クロスや外壁の補修が発生しないため、ほかの部屋への影響も最小限で済みました。次に、実際に取り付けた樹脂窓の仕様について触れておきます。

使用した樹脂窓の仕様と選んだ理由

今回はLIXILの樹脂窓EWPG(サッシサイズ1655×1730mm)を採用し、外観色はオータムブラウン、ガラスはLow-E PGを選びました。

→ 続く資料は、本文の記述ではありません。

lemma bdiv_nonneg:
  assumes "\<bar>u\<bar> \<le> 1" "\<bar>v\<bar> < 1"
  shows "0 \<le> bdiv u v"
proof -
  have "1+u - (1+v) \<le> xlnx (1+u) - (1+u) * ln (1+v)"
    and "1-u - (1-v) \<le> xlnx (1-u) - (1-u) * ln (1-v)"
    using assms by (intro xlnx_diff_ge; simp add: abs_le_iff abs_less_iff)+
  then have "0 \<le> xlnx (1+u) - (1+u) * ln (1+v) + xlnx (1-u) - (1-u) * ln (1-v)"
    by linarith
  then show ?thesis
    unfolding bdiv_def by simp
qed

lemma artanh_eq_ln_diff:
  fixes z :: real
  assumes "\<bar>z\<bar> < 1"
  shows "artanh z = (ln (1+z) - ln (1-z)) / 2"
proof -
  have "0 < 1+z" "0 < 1-z"
    using assms by (auto simp: abs_less_iff)
  then show ?thesis
    by (simp add: artanh_def ln_div)
qed

lemma bdiv_has_real_derivative:
  assumes "\<bar>c*x\<bar> < 1" "\<bar>w\<bar> < 1"
  shows "((\<lambda>x. bdiv (c*x) w) has_real_derivative c * (artanh (c*x) - artanh w)) (at x)"
proof -
  have pos: "1 + c*x > 0" "1 - c*x > 0"
    using assms(1) by (auto simp: abs_less_iff)
  have "((\<lambda>x. xlnx (1 + c*x)) has_real_derivative (ln (1 + c*x) + 1) * c) (at x)"
    by (rule xlnx_has_real_derivative_chain) (use pos in \<open>auto intro!: derivative_eq_intros\<close>)
  moreover have "((\<lambda>x. xlnx (1 - c*x)) has_real_derivative (ln (1 - c*x) + 1) * (-c)) (at x)"
    by (rule xlnx_has_real_derivative_chain) (use pos in \<open>auto intro!: derivative_eq_intros\<close>)
  moreover have "((\<lambda>x. (1 + c*x) * ln (1+w)) has_real_derivative c * ln (1+w)) (at x)"
    and "((\<lambda>x. (1 - c*x) * ln (1-w)) has_real_derivative (-c) * ln (1-w)) (at x)"
    by (auto intro!: derivative_eq_intros)
  ultimately have "((\<lambda>x. bdiv (c*x) w) has_real_derivative
      ((ln (1+c*x) + 1) * c - c * ln (1+w) + (ln (1-c*x) + 1) * (-c) - (-c) * ln (1-w)) / 2) (at x)"
    unfolding bdiv_def by (intro DERIV_cdivide DERIV_diff DERIV_add)
  then show ?thesis
    by (rule DERIV_cong) (use assms in \<open>simp add: artanh_eq_ln_diff field_simps\<close>)
qed

lemma continuous_on_bdiv:
  assumes "\<bar>c\<bar> \<le> 1"
  shows "continuous_on {-1..1} (\<lambda>x. bdiv (c*x) w)"
proof -
  have bound: "0 \<le> 1 + c*x" "0 \<le> 1 - c*x" if "x \<in> {-1..1}" for x
  proof -
    have "\<bar>c*x\<bar> \<le> 1"
      using that assms by (auto simp: abs_mult intro: mult_le_one)
    then show "0 \<le> 1 + c*x" "0 \<le> 1 - c*x"
      by (simp_all add: abs_le_iff)
  qed
  have "continuous_on {-1..1} (\<lambda>x. xlnx (1 + c*x))" "continuous_on {-1..1} (\<lambda>x. xlnx (1 - c*x))"
    by (rule continuous_on_compose2[OF continuous_on_xlnx], intro continuous_intros,
        use bound in auto)+
  then show ?thesis
    unfolding bdiv_def by (intro continuous_intros) auto
qed

lemma DERIV_sign_change_imp_min:
  fixes f f' :: "real \<Rightarrow> real"
  assumes cont: "continuous_on {a..b} f" and v: "v \<in> {a..b}" and x: "x \<in> {a..b}"
    and deriv: "\<And>t. a < t \<Longrightarrow> t < b \<Longrightarrow> (f has_real_derivative f' t) (at t)"
    and left: "\<And>t. a < t \<Longrightarrow> t < v \<Longrightarrow> f' t \<le> 0"
    and right: "\<And>t. v < t \<Longrightarrow> t < b \<Longrightarrow> 0 \<le> f' t"
  shows "f v \<le> f x"
proof (cases "v \<le> x")
  case True
  show ?thesis
  proof (rule DERIV_nonneg_imp_increasing_open[OF True])
    fix t assume "v < t" "t < x"
    then show "\<exists>y. (f has_real_derivative y) (at t) \<and> 0 \<le> y"
      using v x deriv right by force
  qed (use v x in \<open>auto intro: continuous_on_subset[OF cont]\<close>)
next
  case False
  then have "x \<le> v" by simp
  then show ?thesis
  proof (rule DERIV_nonpos_imp_decreasing_open)
    fix t assume "x < t" "t < v"
    then show "\<exists>y. (f has_real_derivative y) (at t) \<and> y \<le> 0"
      using v x deriv left by force
  qed (use v x in \<open>auto intro: continuous_on_subset[OF cont]\<close>)
qed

樹脂窓はアルミに比べて熱を伝えにくく、室内側の枠が冷えにくいため結露が出にくいという特徴があります。Low-E PGは金属膜をコーティングした複層(ペア)ガラスで、一般的な複層ガラスよりも室内の熱が外へ逃げるのを抑えます。外観色は既存の外壁や建具の色に合わせて選ぶ現場が多く、今回は建物全体の外観になじむブラウン系を選定しました。

木目の窓台と枠に納まった白い樹脂窓を室内側から見たところ
施工後、室内側から見た窓枠と造作材の仕上がり
新しい白い樹脂窓の下に取り付けた木目の窓台を室内側から見たところ
窓台まわりの納まり。新しい樹脂窓の下端に木目の造作材を回して仕上げています
木目の造作材で仕上げた窓の上枠と、外さずに残した既存のカーテンレール
窓の上部。枠まわりを木目の造作材で仕上げています。カーテンレールは既存のまま、取り外さずに工事できました

仕上がった窓は、開閉時のガタつきがなくなり、閉めたときの密閉感も明らかに変わりました。気になるのは、こうした窓交換にかかる費用と使える補助金だと思います。

費用の目安と補助金、工事前に確認したいこと

今回の窓(サッシサイズ1655×1730mm、網戸と室内側の窓枠仕上げを含む)の場合、カバー工法の費用は1箇所あたり税別40万〜50万円が目安で、補助金を使えば実質負担を抑えられます。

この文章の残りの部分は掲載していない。